→ Task instructions:
Gather the lines from the material that contain "linarith".

→ Input data:
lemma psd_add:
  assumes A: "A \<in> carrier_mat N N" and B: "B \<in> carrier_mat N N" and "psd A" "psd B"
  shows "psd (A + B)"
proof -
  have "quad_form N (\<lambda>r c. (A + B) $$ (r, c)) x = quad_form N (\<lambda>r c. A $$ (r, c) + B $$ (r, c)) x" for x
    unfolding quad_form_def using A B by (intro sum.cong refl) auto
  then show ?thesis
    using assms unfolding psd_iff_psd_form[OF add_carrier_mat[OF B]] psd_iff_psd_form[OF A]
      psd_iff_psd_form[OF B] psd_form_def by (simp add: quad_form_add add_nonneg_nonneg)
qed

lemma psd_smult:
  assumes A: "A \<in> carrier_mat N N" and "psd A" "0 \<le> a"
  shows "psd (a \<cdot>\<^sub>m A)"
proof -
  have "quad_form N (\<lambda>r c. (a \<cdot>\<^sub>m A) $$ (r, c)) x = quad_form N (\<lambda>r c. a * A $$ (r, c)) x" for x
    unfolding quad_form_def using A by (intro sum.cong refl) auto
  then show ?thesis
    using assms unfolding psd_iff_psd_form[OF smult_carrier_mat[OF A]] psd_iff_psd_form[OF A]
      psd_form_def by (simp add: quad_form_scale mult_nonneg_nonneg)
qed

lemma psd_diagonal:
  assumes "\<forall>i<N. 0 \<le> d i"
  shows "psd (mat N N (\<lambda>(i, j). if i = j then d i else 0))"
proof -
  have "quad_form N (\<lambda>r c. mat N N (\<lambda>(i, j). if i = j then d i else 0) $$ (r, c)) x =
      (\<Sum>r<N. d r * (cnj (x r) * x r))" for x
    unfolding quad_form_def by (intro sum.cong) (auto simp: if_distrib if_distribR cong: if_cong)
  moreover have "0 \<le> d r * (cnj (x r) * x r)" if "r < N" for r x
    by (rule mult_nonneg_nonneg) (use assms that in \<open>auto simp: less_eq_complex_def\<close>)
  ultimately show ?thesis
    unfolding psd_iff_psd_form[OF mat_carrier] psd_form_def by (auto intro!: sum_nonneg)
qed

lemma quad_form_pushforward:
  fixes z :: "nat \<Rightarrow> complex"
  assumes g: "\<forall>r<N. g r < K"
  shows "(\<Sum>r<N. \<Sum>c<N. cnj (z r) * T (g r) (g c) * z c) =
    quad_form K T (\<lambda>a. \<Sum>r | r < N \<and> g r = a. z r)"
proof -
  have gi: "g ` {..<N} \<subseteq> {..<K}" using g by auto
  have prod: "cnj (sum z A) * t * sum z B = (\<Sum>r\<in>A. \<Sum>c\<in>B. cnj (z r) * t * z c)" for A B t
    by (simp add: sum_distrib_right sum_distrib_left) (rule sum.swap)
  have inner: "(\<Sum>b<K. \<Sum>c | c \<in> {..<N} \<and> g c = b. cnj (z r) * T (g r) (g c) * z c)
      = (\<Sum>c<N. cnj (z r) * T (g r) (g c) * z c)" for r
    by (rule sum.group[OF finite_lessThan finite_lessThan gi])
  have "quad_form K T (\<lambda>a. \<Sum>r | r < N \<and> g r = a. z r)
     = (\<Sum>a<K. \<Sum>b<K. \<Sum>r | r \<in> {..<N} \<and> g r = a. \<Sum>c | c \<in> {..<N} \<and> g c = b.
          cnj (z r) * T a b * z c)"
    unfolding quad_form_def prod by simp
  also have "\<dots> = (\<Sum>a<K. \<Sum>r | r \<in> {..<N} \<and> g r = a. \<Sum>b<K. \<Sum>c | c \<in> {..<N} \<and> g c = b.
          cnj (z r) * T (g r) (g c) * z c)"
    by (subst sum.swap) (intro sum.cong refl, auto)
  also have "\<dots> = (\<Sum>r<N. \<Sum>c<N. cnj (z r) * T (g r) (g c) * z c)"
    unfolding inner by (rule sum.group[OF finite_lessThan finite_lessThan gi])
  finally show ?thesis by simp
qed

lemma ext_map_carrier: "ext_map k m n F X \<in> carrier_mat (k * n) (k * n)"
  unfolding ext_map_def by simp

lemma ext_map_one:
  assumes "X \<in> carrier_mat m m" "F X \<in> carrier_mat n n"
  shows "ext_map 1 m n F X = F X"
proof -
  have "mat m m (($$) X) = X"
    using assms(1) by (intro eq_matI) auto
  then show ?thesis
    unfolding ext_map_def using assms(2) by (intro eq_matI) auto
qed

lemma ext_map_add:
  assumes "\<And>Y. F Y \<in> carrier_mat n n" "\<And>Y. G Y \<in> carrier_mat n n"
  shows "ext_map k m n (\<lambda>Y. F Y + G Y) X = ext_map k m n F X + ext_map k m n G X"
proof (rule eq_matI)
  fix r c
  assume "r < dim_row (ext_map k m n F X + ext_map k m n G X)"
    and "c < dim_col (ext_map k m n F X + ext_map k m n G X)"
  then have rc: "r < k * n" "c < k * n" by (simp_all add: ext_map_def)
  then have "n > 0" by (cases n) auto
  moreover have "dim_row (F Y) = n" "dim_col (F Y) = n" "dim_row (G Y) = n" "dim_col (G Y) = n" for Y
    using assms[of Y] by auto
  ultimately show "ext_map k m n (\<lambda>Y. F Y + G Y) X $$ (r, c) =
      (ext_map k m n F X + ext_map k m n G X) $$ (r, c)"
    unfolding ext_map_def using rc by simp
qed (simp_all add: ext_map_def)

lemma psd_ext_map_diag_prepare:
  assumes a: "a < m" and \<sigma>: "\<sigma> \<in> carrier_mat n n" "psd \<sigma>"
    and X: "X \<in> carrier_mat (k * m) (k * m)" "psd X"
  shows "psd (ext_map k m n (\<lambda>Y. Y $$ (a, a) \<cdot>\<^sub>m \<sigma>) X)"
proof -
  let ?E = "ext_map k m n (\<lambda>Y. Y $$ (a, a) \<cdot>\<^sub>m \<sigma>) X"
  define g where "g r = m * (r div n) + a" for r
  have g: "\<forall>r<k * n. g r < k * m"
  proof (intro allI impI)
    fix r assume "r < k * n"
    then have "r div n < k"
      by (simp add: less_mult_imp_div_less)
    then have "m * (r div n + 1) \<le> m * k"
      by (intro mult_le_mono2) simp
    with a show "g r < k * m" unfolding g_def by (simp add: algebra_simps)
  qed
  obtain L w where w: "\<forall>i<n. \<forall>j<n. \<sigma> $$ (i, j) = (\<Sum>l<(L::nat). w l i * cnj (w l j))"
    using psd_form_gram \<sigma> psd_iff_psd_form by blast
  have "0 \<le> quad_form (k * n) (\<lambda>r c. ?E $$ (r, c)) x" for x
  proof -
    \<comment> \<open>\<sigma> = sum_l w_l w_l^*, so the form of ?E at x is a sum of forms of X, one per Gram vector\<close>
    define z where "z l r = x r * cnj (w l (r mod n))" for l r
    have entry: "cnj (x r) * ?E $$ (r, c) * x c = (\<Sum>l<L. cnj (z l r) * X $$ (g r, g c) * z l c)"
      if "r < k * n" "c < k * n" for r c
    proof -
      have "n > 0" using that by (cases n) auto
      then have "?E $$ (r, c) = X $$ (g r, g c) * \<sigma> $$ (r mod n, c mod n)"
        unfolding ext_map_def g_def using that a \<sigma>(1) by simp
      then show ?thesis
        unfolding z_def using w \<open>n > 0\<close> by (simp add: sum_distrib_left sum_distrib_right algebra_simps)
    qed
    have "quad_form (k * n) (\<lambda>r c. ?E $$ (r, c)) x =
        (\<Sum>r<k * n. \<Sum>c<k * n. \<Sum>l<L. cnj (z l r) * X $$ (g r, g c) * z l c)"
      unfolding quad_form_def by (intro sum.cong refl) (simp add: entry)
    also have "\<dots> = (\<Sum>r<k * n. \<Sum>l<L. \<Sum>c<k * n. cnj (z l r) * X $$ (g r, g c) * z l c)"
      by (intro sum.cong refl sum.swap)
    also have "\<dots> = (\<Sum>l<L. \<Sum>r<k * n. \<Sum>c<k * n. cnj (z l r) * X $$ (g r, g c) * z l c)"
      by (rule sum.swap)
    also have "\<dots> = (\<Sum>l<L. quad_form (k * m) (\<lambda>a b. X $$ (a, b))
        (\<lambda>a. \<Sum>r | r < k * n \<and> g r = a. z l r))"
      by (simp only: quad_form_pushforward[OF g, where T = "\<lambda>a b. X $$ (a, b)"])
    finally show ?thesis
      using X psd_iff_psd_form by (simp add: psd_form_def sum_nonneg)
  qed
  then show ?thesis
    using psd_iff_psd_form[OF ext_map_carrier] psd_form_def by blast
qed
--
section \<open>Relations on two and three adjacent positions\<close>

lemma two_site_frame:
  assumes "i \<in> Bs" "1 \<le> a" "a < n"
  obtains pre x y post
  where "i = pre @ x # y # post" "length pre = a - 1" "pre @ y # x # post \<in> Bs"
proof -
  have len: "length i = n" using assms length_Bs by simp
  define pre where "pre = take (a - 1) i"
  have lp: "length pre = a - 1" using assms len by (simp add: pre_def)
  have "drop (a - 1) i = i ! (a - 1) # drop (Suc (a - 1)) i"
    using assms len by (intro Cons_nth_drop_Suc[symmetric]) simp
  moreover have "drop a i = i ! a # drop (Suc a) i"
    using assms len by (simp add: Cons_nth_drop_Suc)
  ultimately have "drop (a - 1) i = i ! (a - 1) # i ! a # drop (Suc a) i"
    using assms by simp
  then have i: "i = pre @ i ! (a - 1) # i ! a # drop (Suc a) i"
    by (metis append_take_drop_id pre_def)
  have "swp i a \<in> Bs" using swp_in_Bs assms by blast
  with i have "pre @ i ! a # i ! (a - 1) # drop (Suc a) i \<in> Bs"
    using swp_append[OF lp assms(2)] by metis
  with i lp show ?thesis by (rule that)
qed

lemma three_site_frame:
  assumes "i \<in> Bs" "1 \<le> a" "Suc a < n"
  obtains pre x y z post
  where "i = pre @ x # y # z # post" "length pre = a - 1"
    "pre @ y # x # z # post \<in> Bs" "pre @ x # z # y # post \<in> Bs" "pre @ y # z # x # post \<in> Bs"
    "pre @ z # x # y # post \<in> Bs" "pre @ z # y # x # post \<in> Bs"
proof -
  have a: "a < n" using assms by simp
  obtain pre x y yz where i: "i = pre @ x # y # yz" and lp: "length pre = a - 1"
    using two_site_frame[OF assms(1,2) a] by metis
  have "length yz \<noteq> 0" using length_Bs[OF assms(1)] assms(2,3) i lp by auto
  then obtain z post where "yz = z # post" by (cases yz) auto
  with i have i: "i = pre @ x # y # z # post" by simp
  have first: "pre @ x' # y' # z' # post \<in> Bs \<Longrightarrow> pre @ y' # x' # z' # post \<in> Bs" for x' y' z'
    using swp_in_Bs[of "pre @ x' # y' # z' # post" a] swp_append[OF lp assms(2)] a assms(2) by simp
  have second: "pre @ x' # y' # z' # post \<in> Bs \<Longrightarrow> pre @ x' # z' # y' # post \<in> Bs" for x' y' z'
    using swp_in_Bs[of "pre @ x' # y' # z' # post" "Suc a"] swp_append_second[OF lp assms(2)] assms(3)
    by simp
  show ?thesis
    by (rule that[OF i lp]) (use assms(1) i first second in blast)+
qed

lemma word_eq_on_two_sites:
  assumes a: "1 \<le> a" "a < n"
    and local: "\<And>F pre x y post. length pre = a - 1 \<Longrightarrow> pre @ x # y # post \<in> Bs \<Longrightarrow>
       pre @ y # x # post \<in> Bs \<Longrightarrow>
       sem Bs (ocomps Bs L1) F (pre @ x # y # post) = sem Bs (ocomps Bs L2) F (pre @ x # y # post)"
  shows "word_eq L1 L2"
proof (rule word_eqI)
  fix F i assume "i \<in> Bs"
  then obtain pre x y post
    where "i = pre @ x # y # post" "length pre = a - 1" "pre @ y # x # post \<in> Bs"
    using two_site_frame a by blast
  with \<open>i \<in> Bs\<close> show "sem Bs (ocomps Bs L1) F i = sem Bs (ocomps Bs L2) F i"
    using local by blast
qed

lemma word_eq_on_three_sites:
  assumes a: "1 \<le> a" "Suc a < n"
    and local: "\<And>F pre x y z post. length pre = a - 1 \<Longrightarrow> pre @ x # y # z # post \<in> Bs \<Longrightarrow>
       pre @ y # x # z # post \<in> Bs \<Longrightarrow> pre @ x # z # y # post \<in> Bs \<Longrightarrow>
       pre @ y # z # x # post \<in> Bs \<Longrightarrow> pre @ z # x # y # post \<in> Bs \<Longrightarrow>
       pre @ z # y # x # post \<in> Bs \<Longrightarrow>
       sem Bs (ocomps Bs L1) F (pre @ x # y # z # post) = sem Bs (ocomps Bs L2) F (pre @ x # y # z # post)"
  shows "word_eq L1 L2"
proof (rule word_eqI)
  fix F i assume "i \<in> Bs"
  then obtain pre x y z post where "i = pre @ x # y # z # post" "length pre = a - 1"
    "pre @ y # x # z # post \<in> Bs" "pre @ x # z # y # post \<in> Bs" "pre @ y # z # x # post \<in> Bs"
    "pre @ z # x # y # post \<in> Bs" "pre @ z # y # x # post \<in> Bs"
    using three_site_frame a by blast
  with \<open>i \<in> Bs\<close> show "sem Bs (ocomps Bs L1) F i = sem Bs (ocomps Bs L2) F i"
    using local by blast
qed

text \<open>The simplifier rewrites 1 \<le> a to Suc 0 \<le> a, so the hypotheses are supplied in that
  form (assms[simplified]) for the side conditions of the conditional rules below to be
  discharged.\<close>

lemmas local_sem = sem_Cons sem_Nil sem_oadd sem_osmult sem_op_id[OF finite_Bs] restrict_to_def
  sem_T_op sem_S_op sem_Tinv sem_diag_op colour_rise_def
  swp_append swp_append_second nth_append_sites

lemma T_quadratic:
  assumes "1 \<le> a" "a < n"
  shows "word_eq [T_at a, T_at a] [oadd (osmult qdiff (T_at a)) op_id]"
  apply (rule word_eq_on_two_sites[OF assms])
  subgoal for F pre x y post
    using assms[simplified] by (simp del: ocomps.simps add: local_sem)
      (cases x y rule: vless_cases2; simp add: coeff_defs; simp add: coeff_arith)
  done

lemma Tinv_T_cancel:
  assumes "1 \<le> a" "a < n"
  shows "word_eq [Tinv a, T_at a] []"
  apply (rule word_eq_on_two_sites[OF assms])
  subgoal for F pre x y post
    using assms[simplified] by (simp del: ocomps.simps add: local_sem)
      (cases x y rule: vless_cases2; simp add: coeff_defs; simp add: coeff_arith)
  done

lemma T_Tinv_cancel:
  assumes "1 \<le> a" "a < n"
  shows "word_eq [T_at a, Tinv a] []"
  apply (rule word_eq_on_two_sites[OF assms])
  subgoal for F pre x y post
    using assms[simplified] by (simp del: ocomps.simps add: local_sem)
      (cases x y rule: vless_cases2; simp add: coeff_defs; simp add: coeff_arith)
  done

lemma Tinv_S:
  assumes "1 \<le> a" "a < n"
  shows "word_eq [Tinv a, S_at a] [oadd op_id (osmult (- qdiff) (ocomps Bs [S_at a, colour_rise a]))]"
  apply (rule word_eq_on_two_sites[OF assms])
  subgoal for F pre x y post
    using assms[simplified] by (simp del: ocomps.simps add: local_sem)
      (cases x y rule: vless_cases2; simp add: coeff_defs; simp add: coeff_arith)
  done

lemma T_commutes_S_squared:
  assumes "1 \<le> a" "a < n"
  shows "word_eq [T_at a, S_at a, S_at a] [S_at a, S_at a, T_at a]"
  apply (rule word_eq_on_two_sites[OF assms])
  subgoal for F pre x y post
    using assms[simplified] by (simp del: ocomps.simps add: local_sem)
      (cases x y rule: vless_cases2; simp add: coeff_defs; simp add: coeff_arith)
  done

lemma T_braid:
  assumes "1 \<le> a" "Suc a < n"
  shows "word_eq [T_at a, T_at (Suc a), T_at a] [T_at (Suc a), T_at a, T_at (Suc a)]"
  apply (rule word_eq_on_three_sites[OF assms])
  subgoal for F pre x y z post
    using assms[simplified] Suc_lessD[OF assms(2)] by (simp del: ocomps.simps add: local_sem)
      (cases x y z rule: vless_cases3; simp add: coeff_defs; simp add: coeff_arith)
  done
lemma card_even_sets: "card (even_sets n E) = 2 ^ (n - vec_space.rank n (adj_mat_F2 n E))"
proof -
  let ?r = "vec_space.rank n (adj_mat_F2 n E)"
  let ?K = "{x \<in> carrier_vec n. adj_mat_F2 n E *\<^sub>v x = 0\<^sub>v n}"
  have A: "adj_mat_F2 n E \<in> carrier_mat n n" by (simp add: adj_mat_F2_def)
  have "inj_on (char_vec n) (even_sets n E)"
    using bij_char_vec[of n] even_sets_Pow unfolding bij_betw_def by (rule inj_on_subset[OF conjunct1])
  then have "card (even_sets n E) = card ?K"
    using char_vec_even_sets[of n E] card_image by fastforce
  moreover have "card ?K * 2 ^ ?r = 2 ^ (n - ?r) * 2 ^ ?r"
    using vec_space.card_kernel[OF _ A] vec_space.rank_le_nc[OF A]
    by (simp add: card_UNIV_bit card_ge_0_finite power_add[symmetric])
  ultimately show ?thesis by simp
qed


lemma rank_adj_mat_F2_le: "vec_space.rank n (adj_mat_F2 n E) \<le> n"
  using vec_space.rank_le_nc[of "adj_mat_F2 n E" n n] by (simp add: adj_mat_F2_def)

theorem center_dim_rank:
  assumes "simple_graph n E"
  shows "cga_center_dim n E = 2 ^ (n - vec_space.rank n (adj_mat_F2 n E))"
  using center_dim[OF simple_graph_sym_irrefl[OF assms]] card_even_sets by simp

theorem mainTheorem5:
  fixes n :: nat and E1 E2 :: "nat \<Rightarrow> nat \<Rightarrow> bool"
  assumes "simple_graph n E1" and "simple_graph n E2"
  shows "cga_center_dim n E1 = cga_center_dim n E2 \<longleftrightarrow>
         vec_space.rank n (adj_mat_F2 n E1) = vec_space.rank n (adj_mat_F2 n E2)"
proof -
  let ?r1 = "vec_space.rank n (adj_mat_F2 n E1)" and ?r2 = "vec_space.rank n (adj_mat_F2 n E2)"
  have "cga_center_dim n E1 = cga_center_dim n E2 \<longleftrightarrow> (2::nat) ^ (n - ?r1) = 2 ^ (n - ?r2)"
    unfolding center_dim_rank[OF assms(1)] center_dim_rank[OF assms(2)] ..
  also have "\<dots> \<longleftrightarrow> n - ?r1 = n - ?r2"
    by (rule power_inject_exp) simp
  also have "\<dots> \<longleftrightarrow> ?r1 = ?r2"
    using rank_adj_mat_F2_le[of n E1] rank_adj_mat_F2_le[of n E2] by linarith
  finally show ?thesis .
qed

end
* * *
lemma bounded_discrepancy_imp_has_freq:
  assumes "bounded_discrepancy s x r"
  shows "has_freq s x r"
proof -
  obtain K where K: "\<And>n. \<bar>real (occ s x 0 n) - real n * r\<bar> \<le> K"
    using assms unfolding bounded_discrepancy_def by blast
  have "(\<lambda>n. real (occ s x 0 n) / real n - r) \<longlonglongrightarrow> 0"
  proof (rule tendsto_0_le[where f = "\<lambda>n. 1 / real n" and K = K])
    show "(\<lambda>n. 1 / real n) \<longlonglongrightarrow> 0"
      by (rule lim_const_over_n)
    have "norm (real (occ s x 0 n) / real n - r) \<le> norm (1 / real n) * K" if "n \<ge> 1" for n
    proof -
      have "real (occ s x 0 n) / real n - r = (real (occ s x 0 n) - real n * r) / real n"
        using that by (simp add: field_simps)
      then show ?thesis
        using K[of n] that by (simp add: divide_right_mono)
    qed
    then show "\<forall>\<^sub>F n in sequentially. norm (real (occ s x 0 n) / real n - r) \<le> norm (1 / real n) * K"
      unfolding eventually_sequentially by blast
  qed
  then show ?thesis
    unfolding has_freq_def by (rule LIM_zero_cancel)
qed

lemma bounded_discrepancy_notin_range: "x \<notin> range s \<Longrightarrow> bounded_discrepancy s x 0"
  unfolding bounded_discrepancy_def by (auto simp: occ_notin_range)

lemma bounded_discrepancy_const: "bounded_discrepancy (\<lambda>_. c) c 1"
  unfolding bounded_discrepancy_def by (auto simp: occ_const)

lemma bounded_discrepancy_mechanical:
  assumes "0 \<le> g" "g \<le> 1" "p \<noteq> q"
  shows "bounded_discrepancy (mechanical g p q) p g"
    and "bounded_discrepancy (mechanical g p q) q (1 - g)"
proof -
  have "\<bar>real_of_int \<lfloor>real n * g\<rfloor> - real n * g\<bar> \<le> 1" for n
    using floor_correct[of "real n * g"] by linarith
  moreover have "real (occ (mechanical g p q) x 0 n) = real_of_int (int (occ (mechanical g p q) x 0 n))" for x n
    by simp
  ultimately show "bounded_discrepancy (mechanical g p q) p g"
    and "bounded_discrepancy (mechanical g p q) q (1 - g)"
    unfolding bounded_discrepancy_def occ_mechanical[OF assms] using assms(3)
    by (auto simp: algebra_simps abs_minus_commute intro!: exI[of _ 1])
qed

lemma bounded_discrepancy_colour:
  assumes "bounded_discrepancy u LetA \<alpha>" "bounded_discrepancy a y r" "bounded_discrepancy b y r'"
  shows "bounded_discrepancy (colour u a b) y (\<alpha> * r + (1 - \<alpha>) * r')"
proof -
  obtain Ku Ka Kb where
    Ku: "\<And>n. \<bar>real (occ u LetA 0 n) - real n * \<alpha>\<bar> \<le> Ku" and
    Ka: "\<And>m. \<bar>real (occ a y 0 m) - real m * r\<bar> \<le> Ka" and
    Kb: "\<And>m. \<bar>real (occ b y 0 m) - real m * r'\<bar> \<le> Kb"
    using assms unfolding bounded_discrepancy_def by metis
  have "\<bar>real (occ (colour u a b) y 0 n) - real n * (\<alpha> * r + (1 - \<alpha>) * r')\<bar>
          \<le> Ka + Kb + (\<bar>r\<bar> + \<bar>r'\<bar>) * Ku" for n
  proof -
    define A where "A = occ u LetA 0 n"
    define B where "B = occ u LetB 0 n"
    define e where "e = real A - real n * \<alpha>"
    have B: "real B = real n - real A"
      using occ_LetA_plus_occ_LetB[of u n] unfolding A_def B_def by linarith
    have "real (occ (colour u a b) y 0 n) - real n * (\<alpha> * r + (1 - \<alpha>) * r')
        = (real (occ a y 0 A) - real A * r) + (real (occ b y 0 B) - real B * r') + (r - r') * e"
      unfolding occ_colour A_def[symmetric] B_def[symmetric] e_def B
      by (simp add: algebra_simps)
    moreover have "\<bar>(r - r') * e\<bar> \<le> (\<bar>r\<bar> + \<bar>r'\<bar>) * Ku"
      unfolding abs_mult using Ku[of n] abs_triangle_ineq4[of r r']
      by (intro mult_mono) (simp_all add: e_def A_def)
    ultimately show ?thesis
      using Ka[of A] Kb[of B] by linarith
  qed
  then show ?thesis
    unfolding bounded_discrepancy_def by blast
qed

→ Answer to this exercise:
    using rank_adj_mat_F2_le[of n E1] rank_adj_mat_F2_le[of n E2] by linarith
    using floor_correct[of "real n * g"] by linarith
      using occ_LetA_plus_occ_LetB[of u n] unfolding A_def B_def by linarith
      using Ka[of A] Kb[of B] by linarith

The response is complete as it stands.